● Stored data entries
(* Let $t,t'$ be even integers and let $B'\in\mathcal X^{t',-}_{N-2}$, $B\in\mathcal X^{t,-}_{N-2}$ with $B'\preceq B$. If $t\ge0$, then $t'=t$ or $|t'+1|<|t+1|$.
   Context: Let $N\ge 3$ be an odd integer and $F=\mathbb Z/2\mathbb Z$. For integers $i,j$ let $[i,j]=\{h\in\mathbb Z: i\le h\le j\}$ (empty if $i>j$). Let $S_N=[1,N]$. The set of all subsets of $S_N$ is an $F$-vector space with sum $X+X'=(X\cup X')-(X\cap X')$; let $E_N$ be the subspace of subsets of even cardinality. A $2$-element subset $\{i,j\}\subseteq S_N$ is written $ij$ when either ($i<j$ and $j-i$ odd) or ($i>j$ and $i-j$ even); each $2$-element subset has exactly one such writing. Let $\mathcal P_N$ be the set of all finite sets $B$ of pairwise disjoint $2$-element subsets of $S_N$; for $B\in\mathcal P_N$ let $\langle B\rangle$ be the $F$-subspace of $E_N$ spanned by the elements of $B$, $\mathrm{supp}(B)=\bigcup_{X\in B}X$, $B^0=\{\{i,j\}\in B: i-j\text{ even}\}$, $B^1=\{\{i,j\}\in B: i-j\text{ odd}\}$. A set $X\subseteq S_N$ is $0$-covered (resp. $1$-covered) by $B^1$ if there are $a_1b_1,\dots,a_sb_s\in B^1$ ($s\ge 0$, so $a_r<b_r$) with $X=[a_1,b_1]\sqcup\dots\sqcup[a_s,b_s]$ (resp. $X=[a_1,b_1]\sqcup\dots\sqcup[a_s,b_s]\sqcup\{u\}$ for some $u$), disjoint unions. Let ${}^*\mathcal P_N$ be the set of $B\in\mathcal P_N$ such that: for every $ij\in B^1$ the set $[i+1,j-1]$ is $0$-covered by $B^1$; and there is a sequence $i_*(B)=(i_1,\dots,i_{2s})$ in $S_N$ with $B^0=\{i_{2s}i_1,i_{2s-1}i_2,\dots,i_{s+1}i_s\}$ (so $s=|B^0|$; the sequence is unique) such that, if $s\ge1$, each of $[i_1+1,i_2-1],\dots,[i_{s-1}+1,i_s-1],[i_{s+1}+1,i_{s+2}-1],\dots,[i_{2s-1}+1,i_{2s}-1]$ is $0$-covered by $B^1$. For $B\in{}^*\mathcal P_N$ with $i_*(B)=(i_1,\dots,i_{2s})$ consider: (I) $s=0$, or $s\ge1$ and $[1,i_1-1]$ and $[i_{2s}+1,N]$ are $0$-covered by $B^1$; (II) $N\notin\mathrm{supp}(B)$ and either $s=0$, or $s$ is odd and either (i) $[1,i_1-1]$ is $1$-covered and $[i_{2s}+1,N-1]$ is $0$-covered by $B^1$, or (ii) $[1,i_1-1]$ is $0$-covered and $[i_{2s}+1,N-1]$ is $1$-covered by $B^1$; (III) (I) holds and, if $s$ is even then $\{i,N\}\in B$ for some even $i$, if $s$ is odd then $\{i,N\}\in B$ for some odd $i$. Let $\mathcal X^+_{N-2}$, $\mathcal X^-_{N-2}$ be the sets of $B\in{}^*\mathcal P_N$ satisfying (II), (III) respectively, and $\mathcal X_{N-2}=\mathcal X^+_{N-2}\sqcup\mathcal X^-_{N-2}$. For $B\in\mathcal X^+_{N-2}$ with $s\ge1$ there is a unique $u_B$: in case (i), $u_B\in[1,i_1-1]$ with $[1,u_B-1]$, $[u_B+1,i_1-1]$ $0$-covered by $B^1$ ($u_B$ odd); in case (ii), $u_B\in[i_{2s}+1,N-1]$ with $[i_{2s}+1,u_B-1]$, $[u_B+1,N-1]$ $0$-covered by $B^1$ ($u_B$ even). For even $t$: $\mathcal X^{0,-}_{N-2}=\{B\in\mathcal X^-_{N-2}:|B^0|=0\}$; for $t\ge2$, $\mathcal X^{t,-}_{N-2}=\{B\in\mathcal X^-_{N-2}:|B^0|=t,\ \{i,N\}\in B\text{ for some even }i\}$; for $t\le -2$, $\mathcal X^{t,-}_{N-2}=\{B\in\mathcal X^-_{N-2}:|B^0|=-t-1,\ \{i,N\}\in B\text{ for some odd }i\}$. Put $[[ij]]=[i,j]$ if $i<j$ and $[[ij]]=[i,N]\cup[1,j]$ if $i>j$. For $B\in\mathcal X_{N-2}$ define ${}'\epsilon(B)\in E_N$: ${}'\epsilon(B)=\sum_{ij\in B}[[ij]]$ if $B\in\mathcal X^-_{N-2}$ or if $B\in\mathcal X^+_{N-2}$ with $|B^0|=0$; ${}'\epsilon(B)=\sum_{ij\in B}[[ij]]+[u_B,N]$ if $B\in\mathcal X^+_{N-2}$, $|B^0|$ odd, $u_B$ even; ${}'\epsilon(B)=\sum_{ij\in B}[[ij]]+\{N\}+[1,u_B]$ if $B\in\mathcal X^+_{N-2}$, $|B^0|$ odd, $u_B$ odd. For $B,B'\in\mathcal X_{N-2}$ write $B'\preceq B$ if there is a sequence $B'=B_0,\dots,B_h=B$ ($h\ge0$) in $\mathcal X_{N-2}$ with ${}'\epsilon(B_k)\in\langle B_{k+1}\rangle$ for $k=0,\dots,h-1$. *)

theory Defs
  imports Main
begin

definition SN :: "nat \<Rightarrow> nat set" where "SN N = {1..N}"

definition symd :: "nat set \<Rightarrow> nat set \<Rightarrow> nat set" where
  "symd X Y = (X - Y) \<union> (Y - X)"

text \<open>F_2-sum of a finite family: h belongs to it iff it lies in an odd number of members.\<close>
definition fsum :: "('a \<Rightarrow> nat set) \<Rightarrow> 'a set \<Rightarrow> nat set" where
  "fsum f A = {h. odd (card {x\<in>A. h \<in> f x})}"

definition span2 :: "nat set set \<Rightarrow> nat set set" where
  "span2 B = {fsum id C | C. C \<subseteq> B}"

definition wr :: "nat \<Rightarrow> nat \<Rightarrow> bool" where
  "wr i j \<longleftrightarrow> (i < j \<and> odd (j - i)) \<or> (j < i \<and> even (i - j))"

definition inP :: "nat \<Rightarrow> nat set set \<Rightarrow> bool" where
  "inP N B \<longleftrightarrow> finite B \<and> (\<forall>p\<in>B. p \<subseteq> SN N \<and> card p = 2)
     \<and> (\<forall>p\<in>B. \<forall>q\<in>B. p \<noteq> q \<longrightarrow> p \<inter> q = {})"

definition B0 :: "nat set set \<Rightarrow> nat set set" where
  "B0 B = {p\<in>B. \<exists>i j. p = {i,j} \<and> i \<noteq> j \<and> even (int i - int j)}"

definition B1 :: "nat set set \<Rightarrow> nat set set" where
  "B1 B = {p\<in>B. \<exists>i j. p = {i,j} \<and> i \<noteq> j \<and> odd (int i - int j)}"

definition ival :: "nat set \<Rightarrow> nat set" where
  "ival p = {Min p..Max p}"

definition cov0 :: "nat set set \<Rightarrow> nat set \<Rightarrow> bool" where
  "cov0 B X \<longleftrightarrow> (\<exists>C. C \<subseteq> B1 B \<and> (\<forall>p\<in>C. \<forall>q\<in>C. p \<noteq> q \<longrightarrow> ival p \<inter> ival q = {})
      \<and> X = \<Union>(ival ` C))"

definition cov1 :: "nat set set \<Rightarrow> nat set \<Rightarrow> bool" where
  "cov1 B X \<longleftrightarrow> (\<exists>C u. C \<subseteq> B1 B \<and> (\<forall>p\<in>C. \<forall>q\<in>C. p \<noteq> q \<longrightarrow> ival p \<inter> ival q = {})
      \<and> u \<notin> \<Union>(ival ` C) \<and> X = \<Union>(ival ` C) \<union> {u})"

text \<open>Admissible sequences i_*(B) = (i_1,...,i_2s), stored 0-based: i_k = xs ! (k-1).
  The sequence is taken strictly increasing (this is what makes it unique).\<close>
definition seqOK :: "nat \<Rightarrow> nat set set \<Rightarrow> nat list \<Rightarrow> bool" where
  "seqOK N B xs \<longleftrightarrow> (let s = card (B0 B) in
      length xs = 2 * s \<and> set xs \<subseteq> SN N \<and> sorted_wrt (<) xs
    \<and> B0 B = {{xs ! (2*s - 1 - k), xs ! k} | k. k < s}
    \<and> (\<forall>k<s. wr (xs ! (2*s - 1 - k)) (xs ! k))
    \<and> (\<forall>k. k + 1 < s \<longrightarrow> cov0 B {xs ! k + 1 .. xs ! (k+1) - 1})
    \<and> (\<forall>k. s \<le> k \<and> k + 1 < 2*s \<longrightarrow> cov0 B {xs ! k + 1 .. xs ! (k+1) - 1}))"

definition iseq :: "nat \<Rightarrow> nat set set \<Rightarrow> nat list" where
  "iseq N B = (THE xs. seqOK N B xs)"

definition starP :: "nat \<Rightarrow> nat set set \<Rightarrow> bool" where
  "starP N B \<longleftrightarrow> inP N B
     \<and> (\<forall>p\<in>B1 B. cov0 B {Min p + 1 .. Max p - 1})
     \<and> (\<exists>xs. seqOK N B xs)"

definition condI :: "nat \<Rightarrow> nat set set \<Rightarrow> bool" where
  "condI N B \<longleftrightarrow> (let s = card (B0 B); xs = iseq N B in
     s = 0 \<or> (s \<ge> 1 \<and> cov0 B {1 .. xs ! 0 - 1} \<and> cov0 B {xs ! (2*s - 1) + 1 .. N}))"

definition caseI :: "nat \<Rightarrow> nat set set \<Rightarrow> bool" where
  "caseI N B \<longleftrightarrow> (let s = card (B0 B); xs = iseq N B in
     cov1 B {1 .. xs ! 0 - 1} \<and> cov0 B {xs ! (2*s - 1) + 1 .. N - 1})"

definition caseII :: "nat \<Rightarrow> nat set set \<Rightarrow> bool" where
  "caseII N B \<longleftrightarrow> (let s = card (B0 B); xs = iseq N B in
     cov0 B {1 .. xs ! 0 - 1} \<and> cov1 B {xs ! (2*s - 1) + 1 .. N - 1})"

definition condII :: "nat \<Rightarrow> nat set set \<Rightarrow> bool" where
  "condII N B \<longleftrightarrow> N \<notin> \<Union>B \<and>
     (card (B0 B) = 0 \<or> (odd (card (B0 B)) \<and> (caseI N B \<or> caseII N B)))"

definition condIII :: "nat \<Rightarrow> nat set set \<Rightarrow> bool" where
  "condIII N B \<longleftrightarrow> condI N B
     \<and> (even (card (B0 B)) \<longrightarrow> (\<exists>i. even i \<and> {i, N} \<in> B))
     \<and> (odd (card (B0 B)) \<longrightarrow> (\<exists>i. odd i \<and> {i, N} \<in> B))"

definition Xp :: "nat \<Rightarrow> nat set set set" where
  "Xp N = {B. starP N B \<and> condII N B}"

definition Xm :: "nat \<Rightarrow> nat set set set" where
  "Xm N = {B. starP N B \<and> condIII N B}"

definition XX :: "nat \<Rightarrow> nat set set set" where
  "XX N = Xp N \<union> Xm N"

definition Xtm :: "nat \<Rightarrow> int \<Rightarrow> nat set set set" where
  "Xtm N t = (if t = 0 then {B\<in>Xm N. card (B0 B) = 0}
     else if t \<ge> 2 then {B\<in>Xm N. int (card (B0 B)) = t \<and> (\<exists>i. even i \<and> {i, N} \<in> B)}
     else if t \<le> -2 then {B\<in>Xm N. int (card (B0 B)) = - t - 1 \<and> (\<exists>i. odd i \<and> {i, N} \<in> B)}
     else {})"

definition uB :: "nat \<Rightarrow> nat set set \<Rightarrow> nat" where
  "uB N B = (let s = card (B0 B); xs = iseq N B in
     if caseI N B then
       (THE u. u \<in> {1 .. xs ! 0 - 1} \<and> cov0 B {1 .. u - 1} \<and> cov0 B {u + 1 .. xs ! 0 - 1})
     else
       (THE u. u \<in> {xs ! (2*s - 1) + 1 .. N - 1} \<and> cov0 B {xs ! (2*s - 1) + 1 .. u - 1}
          \<and> cov0 B {u + 1 .. N - 1}))"

definition dbr :: "nat \<Rightarrow> nat \<Rightarrow> nat \<Rightarrow> nat set" where
  "dbr N i j = (if i < j then {i..j} else {i..N} \<union> {1..j})"

definition eps :: "nat \<Rightarrow> nat set set \<Rightarrow> nat set" where
  "eps N B = (let S = fsum (\<lambda>(i,j). dbr N i j) {(i,j). {i,j} \<in> B \<and> wr i j}; u = uB N B in
     if B \<in> Xm N \<or> card (B0 B) = 0 then S
     else if even u then symd S {u..N}
     else symd (symd S {N}) {1..u})"

definition preceq :: "nat \<Rightarrow> nat set set \<Rightarrow> nat set set \<Rightarrow> bool" where
  "preceq N B' B \<longleftrightarrow> B' \<in> XX N \<and> B \<in> XX N \<and>
     (\<lambda>X Y. X \<in> XX N \<and> Y \<in> XX N \<and> eps N X \<in> span2 Y)\<^sup>*\<^sup>* B' B"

● INSTRUCTIONS TO FOLLOW
Scan each line above for the string "ival". Give the tally and nothing else.

● TASK RESULT
6